— Сысой?! — обнял друга. Вокруг них приплясывала и повизгивала от радости Ульяна. Улыбаясь, подошел Лукин, в длинной рубахе с опояской, в древнерусских крестах. Из казармы тек хлебный дух. Тимофей с Сысоем повели носами и перед глазами замельтешили цветные круги.
— Ой, — всплеснула руками Ульяна. — Вы, поди, без хлеба? — Потащила гостей в поварню. Перекрестившись на образа, почитав «Отче наш…» истекающим от слюны языком, шелиховские стрелки сели за стол перед горкой блинов, пахнущих сивучьим жиром.
— Кочесовых позвать надо, — смущенно пробормотал Сысой, не смея прикоснуться к еде. Все казалось сном и боязно было протянуть руку, чтобы, как во сне, хлеб не исчез со стола.
— Звал уже, — оглаживая бороду, сказал Лукин. — Не идут. Они в позапрошлом году в устье Медной реки с нашими воевали, теперь в смущении… Вы ешьте, я им отнесу!
— Хорошо живете! — простонал Сысой и осторожно потянулся за первым блином.
— Третий день только отъедаемся, — проворчал старовер. — Сквернились всякой гадостью, а меха пайщикам — давай.

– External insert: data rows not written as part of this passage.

lemma has_ointegral_MacRobertE_product_by_parts:
  fixes \<alpha> \<beta> \<gamma> :: complex and \<rho> :: real
  assumes \<beta>: "Re \<beta> > -1" "\<beta> \<notin> \<int>\<^sub>\<le>\<^sub>0" and \<alpha>: "\<alpha> \<notin> \<int>\<^sub>\<le>\<^sub>0" "\<alpha> + \<gamma> \<notin> \<int>\<^sub>\<le>\<^sub>0"
  shows "has_ointegral
           (\<lambda>t. complex_of_real t powr \<beta> * MacRobertE [\<alpha>] [\<beta>] (\<i> / complex_of_real t)
                 * MacRobertE [\<alpha> + \<gamma>] [\<beta>] (- \<i> / complex_of_real t))
           (complex_of_real \<rho> powr (\<beta> + 1) * MacRobertE [\<alpha>] [\<beta>] (\<i> / complex_of_real \<rho>)
              * MacRobertE [\<alpha> + \<gamma>, \<beta> + 1] [\<beta>, \<beta> + 2] (- \<i> / complex_of_real \<rho>)
            - \<i> * complex_of_real \<rho> powr (\<beta> + 2) * \<beta>
              * fE \<alpha> (\<beta> + 2) \<gamma> (\<beta> + 1) (\<i> / complex_of_real \<rho>)
            - complex_of_real \<rho> powr (\<beta> + 3)
              * fE \<alpha> (\<beta> + 3) (\<gamma> + 1) (\<beta> + 1) (\<i> / complex_of_real \<rho>))
           0 \<rho>"
proof -
  have Re: "Re (\<beta> + 1) > 0" "Re (\<beta> + 2) > 0" "Re (\<beta> + 3) > 0"
    using \<beta>(1) by simp_all
  have \<alpha>1: "\<alpha> + 1 \<notin> \<int>\<^sub>\<le>\<^sub>0" and \<beta>1: "\<beta> + 1 \<notin> \<int>\<^sub>\<le>\<^sub>0"
    using add_of_nat_notin_nonpos_Ints[OF \<alpha>(1), of 1] add_of_nat_notin_nonpos_Ints[OF \<beta>(2), of 1] by simp_all
  have evaluations: "MacRobertE [\<alpha>] [\<beta>] (\<i> / z) = eval_fps (kummer_fps \<alpha> \<beta> \<i>) z"
    "MacRobertE [\<alpha> + \<gamma>, \<beta> + 1] [\<beta>, \<beta> + 2] (- \<i> / z)
      = eval_fps (fps_euler_inv (\<beta> + 1) (kummer_fps (\<alpha> + \<gamma>) \<beta> (- \<i>))) z"
    "fE \<alpha> (\<beta> + 2) \<gamma> (\<beta> + 1) (\<i> / z)
      = eval_fps (fps_euler_inv (\<beta> + 2) (kummer_fps (\<alpha> + \<gamma>) (\<beta> + 2) (- \<i>) * kummer_fps (\<alpha> + 1) (\<beta> + 1) \<i>)) z"
    "fE \<alpha> (\<beta> + 3) (\<gamma> + 1) (\<beta> + 1) (\<i> / z)
      = eval_fps (fps_euler_inv (\<beta> + 3) (kummer_fps (\<alpha> + \<gamma> + 1) (\<beta> + 3) (- \<i>) * kummer_fps (\<alpha> + 1) (\<beta> + 1) \<i>)) z"
    for z
    by (fact MacRobertE_eq_eval_kummer_fps[OF \<alpha>(1) \<beta>(2) reciprocal_i_divide(1)]
        MacRobertE_eq_eval_fps_euler_inv_kummer_fps[OF \<alpha>(2) \<beta>(2) Re(1) reciprocal_i_divide(2),
          unfolded add.assoc one_add_one]
        fE_eq_eval_fps_euler_inv[OF Re(2) \<alpha>1 \<beta>1]
        fE_eq_eval_fps_euler_inv[OF Re(3) \<alpha>1 \<beta>1, of "\<gamma> + 1", unfolded add.assoc[symmetric]])+
  have "(\<lambda>t. complex_of_real t powr \<beta> * (eval_fps (kummer_fps \<alpha> \<beta> \<i>) (complex_of_real t)
      * eval_fps (kummer_fps (\<alpha> + \<gamma>) \<beta> (- \<i>)) (complex_of_real t)))
      = (\<lambda>t. complex_of_real t powr \<beta> * MacRobertE [\<alpha>] [\<beta>] (\<i> / complex_of_real t)
          * MacRobertE [\<alpha> + \<gamma>] [\<beta>] (- \<i> / complex_of_real t))"
    unfolding mult.assoc MacRobertE_product_eq_eval_fps[OF \<alpha>(1) \<beta>(2) \<alpha>(2)] ..
  with has_ointegral_powr_kummer_fps_by_parts[OF \<beta>, where a' = \<alpha> and b' = \<beta> and v = \<i>
      and a = "\<alpha> + \<gamma>" and u = "- \<i>"]
  show ?thesis
    unfolding evaluations powr_fps_primitive_def by (simp add: algebra_simps)
qed

theorem mainTheorem9:
  fixes \<alpha> \<beta> \<gamma> :: complex and \<rho> :: real
  assumes "Re \<beta> > -1"
    and "\<beta> \<notin> \<int>\<^sub>\<le>\<^sub>0"
    and "\<alpha> \<notin> \<int>\<^sub>\<le>\<^sub>0"
    and "\<alpha> + \<gamma> \<notin> \<int>\<^sub>\<le>\<^sub>0"
    and "\<rho> \<noteq> 0"
  shows "has_ointegral
           (\<lambda>t. complex_of_real t powr \<beta> * MacRobertE [\<alpha>] [\<beta>] (\<i> / complex_of_real t)
                 * MacRobertE [\<alpha> + \<gamma>] [\<beta>] (- \<i> / complex_of_real t))
           (complex_of_real \<rho> powr (\<beta> + 1) * MacRobertE [\<alpha>] [\<beta>] (\<i> / complex_of_real \<rho>)
              * MacRobertE [\<alpha> + \<gamma>, \<beta> + 1] [\<beta>, \<beta> + 2] (- \<i> / complex_of_real \<rho>)
            - \<i> * complex_of_real \<rho> powr (\<beta> + 2) * \<beta>
              * fE \<alpha> (\<beta> + 2) \<gamma> (\<beta> + 1) (\<i> / complex_of_real \<rho>)
            - complex_of_real \<rho> powr (\<beta> + 3)
              * fE \<alpha> (\<beta> + 3) (\<gamma> + 1) (\<beta> + 1) (\<i> / complex_of_real \<rho>))
           0 \<rho>
       \<and> has_ointegral
           (\<lambda>t. complex_of_real t powr \<beta> * MacRobertE [\<alpha>] [\<beta>] (\<i> / complex_of_real t)
                 * MacRobertE [\<alpha> + \<gamma>] [\<beta>] (- \<i> / complex_of_real t))
           (complex_of_real \<rho> powr (\<beta> + 1)
              * (\<beta> * fE (\<alpha> - 1) (\<beta> + 1) (\<gamma> + 1) \<beta> (\<i> / complex_of_real \<rho>)
                 - \<i> * complex_of_real \<rho> * fE (\<alpha> - 1) (\<beta> + 2) (\<gamma> + 2) \<beta> (\<i> / complex_of_real \<rho>)))
           0 \<rho>"
  using has_ointegral_MacRobertE_product_by_parts[OF assms(1-4)]
    has_ointegral_MacRobertE_product_contiguous[OF assms(1-4)]
  by blast
text \<open>A stack T-automaton: output o :: X \<Rightarrow> B and transition t :: A \<times> X \<Rightarrow> TX
  (input alphabet is the finite type 'a).\<close>
definition stack_aut ::
  "'x set \<Rightarrow> 'g set \<Rightarrow> ('x \<Rightarrow> 'g list \<Rightarrow> bool) \<Rightarrow> ('a \<Rightarrow> 'x \<Rightarrow> 'g list \<Rightarrow> 'x \<times> 'g list) \<Rightarrow> bool" where
  "stack_aut X G om tm \<longleftrightarrow> finite X \<and> finite G \<and>
     (\<forall>x\<in>X. inB G (om x)) \<and> (\<forall>a. \<forall>x\<in>X. inT X G (tm a x))"

text \<open>Generalized powerset construction: the determinised coalgebra on TX.
  Output component: a^m (T o^m p);  transition component: Kleisli extension of t^m(a,-).\<close>
definition det_out :: "('x \<Rightarrow> 'g list \<Rightarrow> bool) \<Rightarrow> ('g list \<Rightarrow> 'x \<times> 'g list) \<Rightarrow> 'g list \<Rightarrow> bool" where
  "det_out om p = (\<lambda>s. om (fst (p s)) (snd (p s)))"

definition det_step :: "('a \<Rightarrow> 'x \<Rightarrow> 'g list \<Rightarrow> 'x \<times> 'g list) \<Rightarrow> 'a
     \<Rightarrow> ('g list \<Rightarrow> 'x \<times> 'g list) \<Rightarrow> ('g list \<Rightarrow> 'x \<times> 'g list)" where
  "det_step tm a p = (\<lambda>s. tm a (fst (p s)) (snd (p s)))"

fun det_deriv :: "('a \<Rightarrow> 'x \<Rightarrow> 'g list \<Rightarrow> 'x \<times> 'g list) \<Rightarrow> 'a list
     \<Rightarrow> ('g list \<Rightarrow> 'x \<times> 'g list) \<Rightarrow> ('g list \<Rightarrow> 'x \<times> 'g list)" where
  "det_deriv tm [] p = p"
| "det_deriv tm (a # w) p = det_deriv tm w (det_step tm a p)"

definition trace_sem :: "('x \<Rightarrow> 'g list \<Rightarrow> bool) \<Rightarrow> ('a \<Rightarrow> 'x \<Rightarrow> 'g list \<Rightarrow> 'x \<times> 'g list)
     \<Rightarrow> 'x \<Rightarrow> 'a list \<Rightarrow> 'g list \<Rightarrow> bool" where
  "trace_sem om tm x w = det_out om (det_deriv tm w (\<lambda>s. (x, s)))"

fun dpda_step :: "('q \<Rightarrow> 'a \<Rightarrow> 'd \<Rightarrow> ('q \<times> 'd list) option) \<Rightarrow> 'a
     \<Rightarrow> ('q \<times> 'd list) \<Rightarrow> ('q \<times> 'd list) option" where
  "dpda_step \<delta> a (q, []) = None"
| "dpda_step \<delta> a (q, z # s) = (case \<delta> q a z of None \<Rightarrow> None | Some (q', u) \<Rightarrow> Some (q', u @ s))"

fun dpda_run :: "('q \<Rightarrow> 'a \<Rightarrow> 'd \<Rightarrow> ('q \<times> 'd list) option) \<Rightarrow> 'a list
     \<Rightarrow> ('q \<times> 'd list) \<Rightarrow> ('q \<times> 'd list) option" where
  "dpda_run \<delta> [] c = Some c"
| "dpda_run \<delta> (a # w) c = (case dpda_step \<delta> a c of None \<Rightarrow> None | Some c' \<Rightarrow> dpda_run \<delta> w c')"

definition dpda_lang :: "('q \<Rightarrow> 'a \<Rightarrow> 'd \<Rightarrow> ('q \<times> 'd list) option) \<Rightarrow> 'q \<Rightarrow> 'd \<Rightarrow> 'q set
     \<Rightarrow> 'a list set" where
  "dpda_lang \<delta> q0 z0 F = {w. case dpda_run \<delta> w (q0, [z0]) of None \<Rightarrow> False | Some (q, _) \<Rightarrow> q \<in> F}"

text \<open>Real-time DCFL: accepted by a real-time DPDA with finite state set Q and finite stack
  alphabet D (carriers taken inside nat, which is no loss of generality).\<close>
definition rt_dcfl :: "'a list set \<Rightarrow> bool" where
  "rt_dcfl L \<longleftrightarrow> (\<exists>(Q::nat set) (D::nat set) \<delta> q0 z0 F.
      finite Q \<and> finite D \<and> q0 \<in> Q \<and> z0 \<in> D \<and> F \<subseteq> Q \<and>
      (\<forall>q\<in>Q. \<forall>a. \<forall>z\<in>D. case \<delta> q a z of None \<Rightarrow> True
                                     | Some (q', u) \<Rightarrow> q' \<in> Q \<and> set u \<subseteq> D) \<and>
      L = dpda_lang \<delta> q0 z0 F)"

end

theory Submission
  imports Defs
begin

text \<open>Each transition of a stack automaton reads and rewrites only the top \<open>k\<close> stack symbols, and
  each output predicate only depends on them; finiteness of the states and of the input alphabet gives
  one bound \<open>K\<close> for all of them. A real-time DPDA can therefore simulate the automaton by keeping
  fewer than \<open>2 * K\<close> top symbols in its finite control and the rest of the stack as blocks of \<open>K\<close>
  to \<open>2 * K - 1\<close> symbols, one block per pushdown symbol: a step applies the transition to the
  buffer followed by the topmost block and cuts the result into blocks again. Conversely, a
  real-time DPDA is a stack automaton whose transitions read only the top symbol, with an extra
  rejecting sink state for blocked runs.\<close>

fun stack_run :: "('a \<Rightarrow> 'x \<Rightarrow> 'g list \<Rightarrow> 'x \<times> 'g list) \<Rightarrow> 'a list \<Rightarrow> 'x \<times> 'g list \<Rightarrow> 'x \<times> 'g list" where
  "stack_run tm [] c = c"
| "stack_run tm (a # w) c = stack_run tm w (tm a (fst c) (snd c))"

lemma det_deriv_eq_stack_run: "det_deriv tm w p s = stack_run tm w (p s)"
  by (induction w arbitrary: p) (auto simp: det_step_def)

lemma trace_sem_eq_stack_run: "trace_sem om tm x w s = case_prod om (stack_run tm w (x, s))"
  by (simp add: trace_sem_def det_out_def det_deriv_eq_stack_run split_beta)

definition dpda_closed :: "'q set \<Rightarrow> 'd set \<Rightarrow> ('q \<Rightarrow> 'a \<Rightarrow> 'd \<Rightarrow> ('q \<times> 'd list) option) \<Rightarrow> bool" where
  "dpda_closed Q D \<delta> \<longleftrightarrow>
     (\<forall>q\<in>Q. \<forall>a. \<forall>z\<in>D. \<forall>q' u. \<delta> q a z = Some (q', u) \<longrightarrow> q' \<in> Q \<and> set u \<subseteq> D)"

lemma dpda_closed_iff_case:
  "dpda_closed Q D \<delta> \<longleftrightarrow> (\<forall>q\<in>Q. \<forall>a. \<forall>z\<in>D.
     case \<delta> q a z of None \<Rightarrow> True | Some (q', u) \<Rightarrow> q' \<in> Q \<and> set u \<subseteq> D)"
  by (auto simp: dpda_closed_def split: option.splits)

lemma dpda_closedD:
  "dpda_closed Q D \<delta> \<Longrightarrow> q \<in> Q \<Longrightarrow> z \<in> D \<Longrightarrow> \<delta> q a z = Some (q', u) \<Longrightarrow> q' \<in> Q \<and> set u \<subseteq> D"
  by (auto simp: dpda_closed_def)

lemma rt_dcfl_iff:
  "rt_dcfl (L :: 'a list set) \<longleftrightarrow> (\<exists>(Q::nat set) (D::nat set) \<delta> q0 z0 F.
     finite Q \<and> finite D \<and> q0 \<in> Q \<and> z0 \<in> D \<and> F \<subseteq> Q \<and> dpda_closed Q D \<delta> \<and>
     L = dpda_lang \<delta> q0 z0 F)"
  unfolding rt_dcfl_def dpda_closed_iff_case ..

lemma dpda_run_closed:
  assumes "dpda_closed Q D \<delta>" "q \<in> Q" "set s \<subseteq> D" "dpda_run \<delta> w (q, s) = Some (q', s')"
  shows "q' \<in> Q \<and> set s' \<subseteq> D"
  using assms(2-)
proof (induction w arbitrary: q s)
  case (Cons a w)
  then obtain z s0 q1 u where s: "s = z # s0" and \<delta>: "\<delta> q a z = Some (q1, u)"
    and run: "dpda_run \<delta> w (q1, u @ s0) = Some (q', s')"
    by (cases s) (auto split: option.splits)
  with Cons.prems have "z \<in> D" "set s0 \<subseteq> D" by auto
  with dpda_closedD[OF assms(1) Cons.prems(1) _ \<delta>] have "q1 \<in> Q" "set (u @ s0) \<subseteq> D" by auto
  from Cons.IH[OF this run] show ?case .
qed simp

definition dpda_rename :: "('q \<Rightarrow> 'p) \<Rightarrow> ('d \<Rightarrow> 'e) \<Rightarrow> 'q set \<Rightarrow> 'd set
     \<Rightarrow> ('q \<Rightarrow> 'a \<Rightarrow> 'd \<Rightarrow> ('q \<times> 'd list) option) \<Rightarrow> 'p \<Rightarrow> 'a \<Rightarrow> 'e \<Rightarrow> ('p \<times> 'e list) option" where
  "dpda_rename f g Q D \<delta> i a j =
     map_option (\<lambda>(q', u). (f q', map g u)) (\<delta> (inv_into Q f i) a (inv_into D g j))"

lemma dpda_run_rename:
  assumes "inj_on f Q" "inj_on g D" "dpda_closed Q D \<delta>" "q \<in> Q" "set s \<subseteq> D"
  shows "dpda_run (dpda_rename f g Q D \<delta>) w (f q, map g s) =
         map_option (\<lambda>(q', s'). (f q', map g s')) (dpda_run \<delta> w (q, s))"
  using assms(4,5)
proof (induction w arbitrary: q s)
  case (Cons a w)
  show ?case
  proof (cases s)
    case s: (Cons z s0)
    with Cons.prems have z: "z \<in> D" "set s0 \<subseteq> D" by auto
    have inv: "inv_into Q f (f q) = q" "inv_into D g (g z) = z"
      using assms(1,2) Cons.prems z by (auto simp: inv_into_f_f)
    show ?thesis
    proof (cases "\<delta> q a z")
      case (Some r)
      obtain q1 u where r: "r = (q1, u)" by (cases r)
      with Some dpda_closedD[OF assms(3) Cons.prems(1) z(1)] have "q1 \<in> Q" "set (u @ s0) \<subseteq> D"
        using z by auto
      from Cons.IH[OF this] show ?thesis
        using Some r inv s by (simp add: dpda_rename_def)
    qed (use inv s in \<open>simp add: dpda_rename_def\<close>)
  qed simp
qed simp

lemma dpda_closed_rename:
  assumes "inj_on f Q" "inj_on g D" "dpda_closed Q D \<delta>"
  shows "dpda_closed (f ` Q) (g ` D) (dpda_rename f g Q D \<delta>)"
  unfolding dpda_closed_def
proof (intro ballI allI impI)
  fix i a j p v
  assume "i \<in> f ` Q" "j \<in> g ` D" and step: "dpda_rename f g Q D \<delta> i a j = Some (p, v)"
  then obtain q z where qz: "q \<in> Q" "z \<in> D" "i = f q" "j = g z" by blast
  with step assms(1,2) obtain q' u where \<delta>: "\<delta> q a z = Some (q', u)" and "p = f q'" "v = map g u"
    by (auto simp: dpda_rename_def inv_into_f_f)
  moreover have "q' \<in> Q" "set u \<subseteq> D" using dpda_closedD[OF assms(3) qz(1,2) \<delta>] by auto
  ultimately show "p \<in> f ` Q \<and> set v \<subseteq> g ` D" by auto
qed

lemma rt_dcfl_dpda_lang:
  fixes Q :: "'q set" and D :: "'d set"
  assumes "finite Q" "finite D" "q0 \<in> Q" "z0 \<in> D" "F \<subseteq> Q" "dpda_closed Q D \<delta>"
  shows "rt_dcfl (dpda_lang \<delta> q0 z0 F)"
proof -
  obtain f :: "'q \<Rightarrow> nat" where f: "inj_on f Q"
    using finite_imp_inj_to_nat_seg[OF assms(1)] by blast
  obtain g :: "'d \<Rightarrow> nat" where g: "inj_on g D"
    using finite_imp_inj_to_nat_seg[OF assms(2)] by blast
  let ?\<delta> = "dpda_rename f g Q D \<delta>"
  have lang: "dpda_lang \<delta> q0 z0 F = dpda_lang ?\<delta> (f q0) (g z0) (f ` F)"
  proof -
    have "(case dpda_run \<delta> w (q0, [z0]) of None \<Rightarrow> False | Some (q, _) \<Rightarrow> q \<in> F) =
          (case dpda_run ?\<delta> w (f q0, [g z0]) of None \<Rightarrow> False | Some (q, _) \<Rightarrow> q \<in> f ` F)" for w
      using dpda_run_rename[OF f g assms(6), of q0 "[z0]" w] assms(3-6)
        dpda_run_closed[OF assms(6), of q0 "[z0]" w] inj_on_image_mem_iff[OF f]
      by (auto split: option.splits)
    then show ?thesis by (simp add: dpda_lang_def)
  qed
  show ?thesis
    unfolding rt_dcfl_iff
    by (intro exI[of _ "f ` Q"] exI[of _ "g ` D"] exI[of _ ?\<delta>] exI[of _ "f q0"] exI[of _ "g z0"]
        exI[of _ "f ` F"] conjI)
      (simp_all add: assms lang dpda_closed_rename[OF f g assms(6)] image_mono)
qed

Ульяна весело вертелась между печкой и столом, потом подсела к Сысою и, зардев, спросила:
— А где Вася?
— Он в медведниковской партии! — прошепелявил Сысой с блином во рту.
— Вася теперь у Баранова в дружках, — сказал не то с издевкой, не то с печалью и вдруг икнул. — Вот те раз? Объелся, прости, Господи! А думал, пуд проглочу, не замечу.
— Простит, — уголками глаз улыбнулся Лукин. — Не часто грешим.
— Вот уж не думал, что попаду на праздник, — Сысой поднялся, кланяясь на образа: — «Благодарим тя, Христе Боже наш, яко насытил еси нас земных твоих благ…» И вам спасибо! — откланялся лебедевцам.
Тараканов молча перекрестился, накинул парку и пошел к управляющему.
— Мещанин иркутский, — кивнул вслед Сысой. — Грамотный, как бес, говорят, все книги, какие есть, — прочитал, а с десяти шагов ножом в жердину попасть не может.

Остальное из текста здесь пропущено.